[TASK TO CARRY OUT]: Your answer must be an exact copy of the data below.

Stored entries
>>>

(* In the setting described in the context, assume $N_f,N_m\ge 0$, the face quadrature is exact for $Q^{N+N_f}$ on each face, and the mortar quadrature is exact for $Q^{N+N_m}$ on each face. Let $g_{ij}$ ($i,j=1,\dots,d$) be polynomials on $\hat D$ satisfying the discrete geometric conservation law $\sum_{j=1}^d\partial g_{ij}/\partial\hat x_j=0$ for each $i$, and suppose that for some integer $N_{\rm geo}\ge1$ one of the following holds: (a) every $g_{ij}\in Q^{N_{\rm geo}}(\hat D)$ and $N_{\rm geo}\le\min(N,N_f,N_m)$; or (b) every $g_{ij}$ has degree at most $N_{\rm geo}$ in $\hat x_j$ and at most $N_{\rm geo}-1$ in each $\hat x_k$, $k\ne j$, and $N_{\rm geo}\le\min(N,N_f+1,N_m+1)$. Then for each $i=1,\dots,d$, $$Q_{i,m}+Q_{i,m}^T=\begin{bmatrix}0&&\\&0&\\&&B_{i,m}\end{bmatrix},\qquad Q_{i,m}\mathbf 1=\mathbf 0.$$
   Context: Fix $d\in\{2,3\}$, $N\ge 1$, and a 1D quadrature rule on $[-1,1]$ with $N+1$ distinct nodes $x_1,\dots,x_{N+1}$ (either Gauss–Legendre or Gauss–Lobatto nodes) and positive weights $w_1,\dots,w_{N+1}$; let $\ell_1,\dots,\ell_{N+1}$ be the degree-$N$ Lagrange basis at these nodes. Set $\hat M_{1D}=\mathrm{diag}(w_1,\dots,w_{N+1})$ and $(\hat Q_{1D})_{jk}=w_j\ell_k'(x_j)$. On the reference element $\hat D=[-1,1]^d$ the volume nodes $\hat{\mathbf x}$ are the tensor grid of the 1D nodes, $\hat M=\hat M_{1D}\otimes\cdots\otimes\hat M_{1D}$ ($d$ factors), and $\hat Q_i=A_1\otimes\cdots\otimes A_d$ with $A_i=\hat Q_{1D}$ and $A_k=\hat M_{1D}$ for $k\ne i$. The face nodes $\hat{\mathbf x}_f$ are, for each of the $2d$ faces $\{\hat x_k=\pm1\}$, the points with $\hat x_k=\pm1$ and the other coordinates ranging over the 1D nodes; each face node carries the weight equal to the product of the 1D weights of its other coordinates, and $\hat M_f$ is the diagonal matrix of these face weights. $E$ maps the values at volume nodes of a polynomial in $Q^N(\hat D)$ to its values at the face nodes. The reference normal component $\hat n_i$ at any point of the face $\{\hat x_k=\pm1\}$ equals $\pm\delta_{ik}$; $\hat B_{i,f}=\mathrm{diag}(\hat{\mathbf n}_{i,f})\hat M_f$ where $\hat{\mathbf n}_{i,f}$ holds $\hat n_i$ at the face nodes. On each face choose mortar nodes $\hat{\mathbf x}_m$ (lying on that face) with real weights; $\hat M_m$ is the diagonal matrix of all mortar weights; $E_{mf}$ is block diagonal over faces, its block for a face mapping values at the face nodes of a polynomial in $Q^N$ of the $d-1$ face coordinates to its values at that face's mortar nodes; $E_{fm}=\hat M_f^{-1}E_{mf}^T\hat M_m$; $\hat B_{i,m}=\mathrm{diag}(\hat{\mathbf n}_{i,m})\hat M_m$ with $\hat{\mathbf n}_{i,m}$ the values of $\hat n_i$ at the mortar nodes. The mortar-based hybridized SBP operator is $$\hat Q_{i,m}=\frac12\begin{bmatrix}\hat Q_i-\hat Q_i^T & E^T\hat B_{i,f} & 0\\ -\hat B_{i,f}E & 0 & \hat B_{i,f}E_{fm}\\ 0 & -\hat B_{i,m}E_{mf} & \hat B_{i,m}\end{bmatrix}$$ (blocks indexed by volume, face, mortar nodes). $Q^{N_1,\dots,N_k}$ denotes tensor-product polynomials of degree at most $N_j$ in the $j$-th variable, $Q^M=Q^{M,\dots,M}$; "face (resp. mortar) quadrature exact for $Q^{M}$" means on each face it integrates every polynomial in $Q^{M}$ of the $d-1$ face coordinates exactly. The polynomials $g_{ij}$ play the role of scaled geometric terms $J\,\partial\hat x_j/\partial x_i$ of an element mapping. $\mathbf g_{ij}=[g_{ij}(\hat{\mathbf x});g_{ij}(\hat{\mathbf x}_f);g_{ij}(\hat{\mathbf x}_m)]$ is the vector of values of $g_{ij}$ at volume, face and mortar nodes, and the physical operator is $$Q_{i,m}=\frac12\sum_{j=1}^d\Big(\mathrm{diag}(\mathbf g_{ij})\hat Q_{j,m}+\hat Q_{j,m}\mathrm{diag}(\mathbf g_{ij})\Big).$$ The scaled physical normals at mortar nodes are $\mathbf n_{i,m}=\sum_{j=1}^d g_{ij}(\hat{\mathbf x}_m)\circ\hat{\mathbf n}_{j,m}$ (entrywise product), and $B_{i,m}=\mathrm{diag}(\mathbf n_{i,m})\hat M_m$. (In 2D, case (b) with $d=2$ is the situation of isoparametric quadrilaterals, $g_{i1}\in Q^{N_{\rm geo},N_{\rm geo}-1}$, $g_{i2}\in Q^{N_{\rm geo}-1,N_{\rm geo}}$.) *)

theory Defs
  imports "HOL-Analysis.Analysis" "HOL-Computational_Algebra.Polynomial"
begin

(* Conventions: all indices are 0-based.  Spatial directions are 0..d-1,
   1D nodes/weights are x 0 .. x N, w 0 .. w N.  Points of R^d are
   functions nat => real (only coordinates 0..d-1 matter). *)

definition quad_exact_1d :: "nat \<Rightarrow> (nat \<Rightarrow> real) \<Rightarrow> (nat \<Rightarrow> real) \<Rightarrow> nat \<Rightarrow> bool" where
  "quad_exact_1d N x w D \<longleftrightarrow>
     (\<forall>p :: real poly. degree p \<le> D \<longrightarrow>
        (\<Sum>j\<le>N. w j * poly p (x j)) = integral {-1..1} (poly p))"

<<<

[YOUR SOLUTION]:
(* In the setting described in the context, assume $N_f,N_m\ge 0$, the face quadrature is exact for $Q^{N+N_f}$ on each face, and the mortar quadrature is exact for $Q^{N+N_m}$ on each face. Let $g_{ij}$ ($i,j=1,\dots,d$) be polynomials on $\hat D$ satisfying the discrete geometric conservation law $\sum_{j=1}^d\partial g_{ij}/\partial\hat x_j=0$ for each $i$, and suppose that for some integer $N_{\rm geo}\ge1$ one of the following holds: (a) every $g_{ij}\in Q^{N_{\rm geo}}(\hat D)$ and $N_{\rm geo}\le\min(N,N_f,N_m)$; or (b) every $g_{ij}$ has degree at most $N_{\rm geo}$ in $\hat x_j$ and at most $N_{\rm geo}-1$ in each $\hat x_k$, $k\ne j$, and $N_{\rm geo}\le\min(N,N_f+1,N_m+1)$. Then for each $i=1,\dots,d$, $$Q_{i,m}+Q_{i,m}^T=\begin{bmatrix}0&&\\&0&\\&&B_{i,m}\end{bmatrix},\qquad Q_{i,m}\mathbf 1=\mathbf 0.$$
   Context: Fix $d\in\{2,3\}$, $N\ge 1$, and a 1D quadrature rule on $[-1,1]$ with $N+1$ distinct nodes $x_1,\dots,x_{N+1}$ (either Gauss–Legendre or Gauss–Lobatto nodes) and positive weights $w_1,\dots,w_{N+1}$; let $\ell_1,\dots,\ell_{N+1}$ be the degree-$N$ Lagrange basis at these nodes. Set $\hat M_{1D}=\mathrm{diag}(w_1,\dots,w_{N+1})$ and $(\hat Q_{1D})_{jk}=w_j\ell_k'(x_j)$. On the reference element $\hat D=[-1,1]^d$ the volume nodes $\hat{\mathbf x}$ are the tensor grid of the 1D nodes, $\hat M=\hat M_{1D}\otimes\cdots\otimes\hat M_{1D}$ ($d$ factors), and $\hat Q_i=A_1\otimes\cdots\otimes A_d$ with $A_i=\hat Q_{1D}$ and $A_k=\hat M_{1D}$ for $k\ne i$. The face nodes $\hat{\mathbf x}_f$ are, for each of the $2d$ faces $\{\hat x_k=\pm1\}$, the points with $\hat x_k=\pm1$ and the other coordinates ranging over the 1D nodes; each face node carries the weight equal to the product of the 1D weights of its other coordinates, and $\hat M_f$ is the diagonal matrix of these face weights. $E$ maps the values at volume nodes of a polynomial in $Q^N(\hat D)$ to its values at the face nodes. The reference normal component $\hat n_i$ at any point of the face $\{\hat x_k=\pm1\}$ equals $\pm\delta_{ik}$; $\hat B_{i,f}=\mathrm{diag}(\hat{\mathbf n}_{i,f})\hat M_f$ where $\hat{\mathbf n}_{i,f}$ holds $\hat n_i$ at the face nodes. On each face choose mortar nodes $\hat{\mathbf x}_m$ (lying on that face) with real weights; $\hat M_m$ is the diagonal matrix of all mortar weights; $E_{mf}$ is block diagonal over faces, its block for a face mapping values at the face nodes of a polynomial in $Q^N$ of the $d-1$ face coordinates to its values at that face's mortar nodes; $E_{fm}=\hat M_f^{-1}E_{mf}^T\hat M_m$; $\hat B_{i,m}=\mathrm{diag}(\hat{\mathbf n}_{i,m})\hat M_m$ with $\hat{\mathbf n}_{i,m}$ the values of $\hat n_i$ at the mortar nodes. The mortar-based hybridized SBP operator is $$\hat Q_{i,m}=\frac12\begin{bmatrix}\hat Q_i-\hat Q_i^T & E^T\hat B_{i,f} & 0\\ -\hat B_{i,f}E & 0 & \hat B_{i,f}E_{fm}\\ 0 & -\hat B_{i,m}E_{mf} & \hat B_{i,m}\end{bmatrix}$$ (blocks indexed by volume, face, mortar nodes). $Q^{N_1,\dots,N_k}$ denotes tensor-product polynomials of degree at most $N_j$ in the $j$-th variable, $Q^M=Q^{M,\dots,M}$; "face (resp. mortar) quadrature exact for $Q^{M}$" means on each face it integrates every polynomial in $Q^{M}$ of the $d-1$ face coordinates exactly. The polynomials $g_{ij}$ play the role of scaled geometric terms $J\,\partial\hat x_j/\partial x_i$ of an element mapping. $\mathbf g_{ij}=[g_{ij}(\hat{\mathbf x});g_{ij}(\hat{\mathbf x}_f);g_{ij}(\hat{\mathbf x}_m)]$ is the vector of values of $g_{ij}$ at volume, face and mortar nodes, and the physical operator is $$Q_{i,m}=\frac12\sum_{j=1}^d\Big(\mathrm{diag}(\mathbf g_{ij})\hat Q_{j,m}+\hat Q_{j,m}\mathrm{diag}(\mathbf g_{ij})\Big).$$ The scaled physical normals at mortar nodes are $\mathbf n_{i,m}=\sum_{j=1}^d g_{ij}(\hat{\mathbf x}_m)\circ\hat{\mathbf n}_{j,m}$ (entrywise product), and $B_{i,m}=\mathrm{diag}(\mathbf n_{i,m})\hat M_m$. (In 2D, case (b) with $d=2$ is the situation of isoparametric quadrilaterals, $g_{i1}\in Q^{N_{\rm geo},N_{\rm geo}-1}$, $g_{i2}\in Q^{N_{\rm geo}-1,N_{\rm geo}}$.) *)

theory Defs
  imports "HOL-Analysis.Analysis" "HOL-Computational_Algebra.Polynomial"
begin

(* Conventions: all indices are 0-based.  Spatial directions are 0..d-1,
   1D nodes/weights are x 0 .. x N, w 0 .. w N.  Points of R^d are
   functions nat => real (only coordinates 0..d-1 matter). *)

definition quad_exact_1d :: "nat \<Rightarrow> (nat \<Rightarrow> real) \<Rightarrow> (nat \<Rightarrow> real) \<Rightarrow> nat \<Rightarrow> bool" where
  "quad_exact_1d N x w D \<longleftrightarrow>
     (\<forall>p :: real poly. degree p \<le> D \<longrightarrow>
        (\<Sum>j\<le>N. w j * poly p (x j)) = integral {-1..1} (poly p))"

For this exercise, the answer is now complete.